WHAT THE TASK ASKS:
For each line of the data below that contains "then", return that line.

BEGIN EXERCISE MATERIALS

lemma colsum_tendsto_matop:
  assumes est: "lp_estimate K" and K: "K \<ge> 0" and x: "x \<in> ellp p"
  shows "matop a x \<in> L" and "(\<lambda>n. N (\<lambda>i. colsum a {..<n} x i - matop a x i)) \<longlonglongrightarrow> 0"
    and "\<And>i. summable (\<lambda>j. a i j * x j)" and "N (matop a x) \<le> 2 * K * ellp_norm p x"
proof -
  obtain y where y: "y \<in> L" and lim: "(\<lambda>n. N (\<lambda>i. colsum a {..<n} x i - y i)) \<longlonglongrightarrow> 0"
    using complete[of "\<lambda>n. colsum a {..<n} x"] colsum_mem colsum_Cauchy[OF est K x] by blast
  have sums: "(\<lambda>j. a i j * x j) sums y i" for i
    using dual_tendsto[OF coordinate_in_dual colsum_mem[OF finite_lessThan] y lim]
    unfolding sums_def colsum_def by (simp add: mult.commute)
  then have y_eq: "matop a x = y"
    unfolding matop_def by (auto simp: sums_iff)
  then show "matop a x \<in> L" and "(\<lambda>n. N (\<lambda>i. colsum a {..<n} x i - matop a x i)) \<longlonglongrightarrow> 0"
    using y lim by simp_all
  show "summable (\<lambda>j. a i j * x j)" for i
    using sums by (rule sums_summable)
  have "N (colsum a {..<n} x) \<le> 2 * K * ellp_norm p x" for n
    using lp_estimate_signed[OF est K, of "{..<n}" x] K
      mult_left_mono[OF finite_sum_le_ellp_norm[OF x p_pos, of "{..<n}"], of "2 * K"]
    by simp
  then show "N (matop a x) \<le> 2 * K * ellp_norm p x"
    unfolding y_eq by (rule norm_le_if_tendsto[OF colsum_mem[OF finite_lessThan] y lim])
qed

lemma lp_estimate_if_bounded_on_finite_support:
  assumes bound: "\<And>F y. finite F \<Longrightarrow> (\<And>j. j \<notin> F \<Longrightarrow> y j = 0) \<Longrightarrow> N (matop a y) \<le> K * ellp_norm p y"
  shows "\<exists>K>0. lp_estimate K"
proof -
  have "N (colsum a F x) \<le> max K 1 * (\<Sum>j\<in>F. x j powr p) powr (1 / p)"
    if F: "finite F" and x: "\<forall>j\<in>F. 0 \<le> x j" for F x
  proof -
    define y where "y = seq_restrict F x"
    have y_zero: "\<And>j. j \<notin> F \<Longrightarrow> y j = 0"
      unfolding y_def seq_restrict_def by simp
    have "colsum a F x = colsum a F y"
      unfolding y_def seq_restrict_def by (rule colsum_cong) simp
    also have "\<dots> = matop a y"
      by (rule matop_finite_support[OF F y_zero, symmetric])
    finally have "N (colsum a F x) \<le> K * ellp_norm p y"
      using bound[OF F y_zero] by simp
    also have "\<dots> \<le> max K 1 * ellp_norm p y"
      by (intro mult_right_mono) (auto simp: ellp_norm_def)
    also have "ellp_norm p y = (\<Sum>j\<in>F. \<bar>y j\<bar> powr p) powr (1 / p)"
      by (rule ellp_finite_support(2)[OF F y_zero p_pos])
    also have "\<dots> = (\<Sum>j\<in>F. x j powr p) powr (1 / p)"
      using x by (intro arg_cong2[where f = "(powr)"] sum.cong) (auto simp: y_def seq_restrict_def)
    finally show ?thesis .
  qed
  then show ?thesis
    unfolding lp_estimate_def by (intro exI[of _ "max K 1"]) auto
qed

END EXERCISE MATERIALS

ANSWER TO THIS EXERCISE:
  then have y_eq: "matop a x = y"
  then show "matop a x \<in> L" and "(\<lambda>n. N (\<lambda>i. colsum a {..<n} x i - matop a x i)) \<longlonglongrightarrow> 0"
  then show "N (matop a x) \<le> 2 * K * ellp_norm p x"
  then show ?thesis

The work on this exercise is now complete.